- _Work item_
Every line that holds the word "bullet" needs to be copied from the data below.

Start of Block

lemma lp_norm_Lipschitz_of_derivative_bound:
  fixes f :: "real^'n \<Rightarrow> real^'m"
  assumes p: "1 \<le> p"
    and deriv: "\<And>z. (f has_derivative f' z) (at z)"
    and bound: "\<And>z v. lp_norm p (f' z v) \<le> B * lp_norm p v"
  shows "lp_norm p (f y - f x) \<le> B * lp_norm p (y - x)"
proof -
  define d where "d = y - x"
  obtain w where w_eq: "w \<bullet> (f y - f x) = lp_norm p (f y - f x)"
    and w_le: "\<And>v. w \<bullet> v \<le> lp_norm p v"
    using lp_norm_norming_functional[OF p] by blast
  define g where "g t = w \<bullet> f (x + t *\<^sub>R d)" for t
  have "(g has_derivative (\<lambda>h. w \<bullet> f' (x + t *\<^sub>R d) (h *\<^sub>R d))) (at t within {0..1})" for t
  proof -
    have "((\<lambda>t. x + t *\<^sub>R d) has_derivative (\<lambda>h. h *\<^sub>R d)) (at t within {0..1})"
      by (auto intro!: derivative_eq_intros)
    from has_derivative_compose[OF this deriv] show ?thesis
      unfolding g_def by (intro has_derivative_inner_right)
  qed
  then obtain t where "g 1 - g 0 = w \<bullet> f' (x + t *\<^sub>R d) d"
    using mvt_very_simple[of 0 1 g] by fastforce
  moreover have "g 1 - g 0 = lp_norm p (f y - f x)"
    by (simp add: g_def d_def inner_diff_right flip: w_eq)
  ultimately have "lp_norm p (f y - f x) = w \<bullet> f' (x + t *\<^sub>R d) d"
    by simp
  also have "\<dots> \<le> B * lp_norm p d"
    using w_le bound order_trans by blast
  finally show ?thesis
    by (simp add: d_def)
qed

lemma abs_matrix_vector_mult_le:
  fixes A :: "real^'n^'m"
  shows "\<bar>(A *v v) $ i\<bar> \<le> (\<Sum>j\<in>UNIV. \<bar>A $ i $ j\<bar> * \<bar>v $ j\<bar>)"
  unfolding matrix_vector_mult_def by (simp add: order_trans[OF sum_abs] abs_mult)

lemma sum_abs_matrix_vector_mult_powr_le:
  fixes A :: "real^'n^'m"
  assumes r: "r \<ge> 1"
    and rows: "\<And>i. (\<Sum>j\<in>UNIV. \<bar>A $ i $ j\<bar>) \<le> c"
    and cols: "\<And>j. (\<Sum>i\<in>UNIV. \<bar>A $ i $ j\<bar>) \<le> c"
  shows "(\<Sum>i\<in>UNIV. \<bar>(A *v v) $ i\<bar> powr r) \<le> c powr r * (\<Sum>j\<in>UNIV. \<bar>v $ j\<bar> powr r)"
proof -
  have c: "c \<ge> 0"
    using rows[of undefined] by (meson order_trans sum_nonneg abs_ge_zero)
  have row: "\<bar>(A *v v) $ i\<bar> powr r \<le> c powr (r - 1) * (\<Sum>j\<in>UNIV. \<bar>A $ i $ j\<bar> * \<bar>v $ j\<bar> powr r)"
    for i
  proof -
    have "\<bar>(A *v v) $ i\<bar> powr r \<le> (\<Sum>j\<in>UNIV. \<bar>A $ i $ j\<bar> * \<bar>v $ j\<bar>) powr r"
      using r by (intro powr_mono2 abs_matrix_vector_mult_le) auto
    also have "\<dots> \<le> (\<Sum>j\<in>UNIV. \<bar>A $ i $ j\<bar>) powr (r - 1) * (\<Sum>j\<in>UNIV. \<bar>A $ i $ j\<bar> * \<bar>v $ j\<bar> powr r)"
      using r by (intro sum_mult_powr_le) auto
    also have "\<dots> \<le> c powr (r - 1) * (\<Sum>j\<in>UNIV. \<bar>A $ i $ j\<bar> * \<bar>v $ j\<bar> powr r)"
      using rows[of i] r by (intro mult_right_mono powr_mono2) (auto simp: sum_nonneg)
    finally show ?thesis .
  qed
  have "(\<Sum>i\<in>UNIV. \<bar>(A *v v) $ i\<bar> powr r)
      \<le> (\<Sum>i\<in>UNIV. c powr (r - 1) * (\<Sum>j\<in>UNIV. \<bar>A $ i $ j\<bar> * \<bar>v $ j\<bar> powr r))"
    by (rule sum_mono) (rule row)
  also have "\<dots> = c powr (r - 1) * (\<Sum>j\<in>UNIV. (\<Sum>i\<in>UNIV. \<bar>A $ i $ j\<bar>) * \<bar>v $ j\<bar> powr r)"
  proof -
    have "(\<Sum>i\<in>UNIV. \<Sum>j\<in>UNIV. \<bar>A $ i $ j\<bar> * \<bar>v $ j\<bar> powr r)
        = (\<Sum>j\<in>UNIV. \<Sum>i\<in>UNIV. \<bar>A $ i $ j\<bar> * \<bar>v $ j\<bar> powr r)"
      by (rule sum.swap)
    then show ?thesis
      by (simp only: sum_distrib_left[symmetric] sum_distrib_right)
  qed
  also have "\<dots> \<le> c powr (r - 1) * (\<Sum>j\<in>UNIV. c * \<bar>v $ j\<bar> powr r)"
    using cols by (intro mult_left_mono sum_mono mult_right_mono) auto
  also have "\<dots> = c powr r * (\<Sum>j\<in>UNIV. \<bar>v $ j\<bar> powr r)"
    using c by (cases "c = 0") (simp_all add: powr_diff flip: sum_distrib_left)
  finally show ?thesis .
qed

End of Block

- _Output of the exercise_
  obtain w where w_eq: "w \<bullet> (f y - f x) = lp_norm p (f y - f x)"
    and w_le: "\<And>v. w \<bullet> v \<le> lp_norm p v"
  define g where "g t = w \<bullet> f (x + t *\<^sub>R d)" for t
  have "(g has_derivative (\<lambda>h. w \<bullet> f' (x + t *\<^sub>R d) (h *\<^sub>R d))) (at t within {0..1})" for t
  then obtain t where "g 1 - g 0 = w \<bullet> f' (x + t *\<^sub>R d) d"
  ultimately have "lp_norm p (f y - f x) = w \<bullet> f' (x + t *\<^sub>R d) d"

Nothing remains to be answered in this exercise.